The Global Recovery Now Has Two Big Engines

Photo of Douglas A. McIntyre
By Douglas A. McIntyre Published
This post may contain links from our sponsors and affiliates, and Flywheel Publishing may receive compensation for actions taken through them.

China’s trade surplus was $6.45 billion in January. Some economists believe that China’s import rise were partly due to higher prices that the People’s Republic must pay for commodities. Another part of the increase is due to “true” demand. China’s consumer economy may finally be taking hold. The Chinese middle class, which has been a savings class, may finally be starting to purchase significant amounts of imported goods from the United States and other countries with their rising wages.

China’s economy is now the second largest in the world based on GDP. Consumer activity could become a larger part of that if the trade surplus trend continues. That along with strong exports should keep China’s economy expansion at 8% to 10% presuming inflation and some measure of trade protectionism from the West does not cripple its growth.

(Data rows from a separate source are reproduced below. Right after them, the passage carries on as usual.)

text \<open>Towers: occurrences that cannot be extended to an occurrence of U t D.\<close>
definition towers :: "path \<Rightarrow> (nat \<times> nat) set" where
  "towers p = {(s, i). occ p s i \<and>
     \<not> (s > 0 \<and> s + 2 * i < length p \<and> p ! (s - 1) = True \<and> p ! (s + 2 * i) = False)}"

definition colored1 :: "path \<Rightarrow> (nat \<times> nat) set" where
  "colored1 p = {(s, i) \<in> towers p. s > 0 \<and> p ! (s - 1) = True}"

text \<open>Colored towers: Step 1, Step 2 (immediately following the last step of a tower
  left uncolored after Step 1), and a tower beginning at the first step of p.\<close>
definition colored :: "path \<Rightarrow> (nat \<times> nat) set" where
  "colored p = colored1 p \<union>
     {(s, i) \<in> towers p. \<exists>(s', i') \<in> towers p - colored1 p. s' + 2 * i' = s} \<union>
     {(s, i) \<in> towers p. s = 0}"

definition colored2 :: "path \<Rightarrow> (nat \<times> nat) set" where
  "colored2 p = {(s, i) \<in> colored p. i \<ge> 2}"

text \<open>((T^s, B^w), (m, r), D_k): a tower in R stands for its bottom being labeled w.\<close>
definition TsBw :: "nat \<Rightarrow> nat \<Rightarrow> int \<Rightarrow> (path \<times> (nat \<times> nat) set \<times> (nat \<times> nat) set) set" where
  "TsBw m r k = {(p, S, R). p \<in> Dn k \<and> S \<subseteq> colored p \<and> card S = m \<and>
      R \<subseteq> S \<inter> colored2 p \<and> card R = r}"

definition TsTw :: "nat \<Rightarrow> nat \<Rightarrow> int \<Rightarrow> (path \<times> (nat \<times> nat) set \<times> (nat \<times> nat) set) set" where
  "TsTw m r k = {(p, S, R). p \<in> Dn k \<and> S \<subseteq> colored p \<and> card S = m \<and>
      R \<subseteq> S \<and> card R = r}"

end

theory Submission
  imports Defs
begin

The Wall Street Journal panel of economists recently said that 2011 GDP growth will happen more rapidly than expected. “The 51 economists polled—not all of whom answer every question in the survey—expect gross domestic product will be 3.5% higher in the fourth quarter of 2011 than a year earlier, up from the 3.3% increase they projected in last month’s survey. That would be the largest increase since 2003,” the Journal reported. Based on consumer and business confidence, the growth may be even faster. The 2011 tax cuts and an even modest increase in employment could tip the US economy into really rapid growth, particularly for a nation with GDP of $15 trillion.

It was only half a year ago that US government and private sector data made a 2011 recovery uncertain. Economists may still refuse to consider unemployment and the damaged housing market enough which would make their optimism misplaced. Presumably, the WSJ economist panel took those things into consideration and believes that the American consumer is tired of austerity and business believes that the earnings improvement of the last two quarters can be maintained.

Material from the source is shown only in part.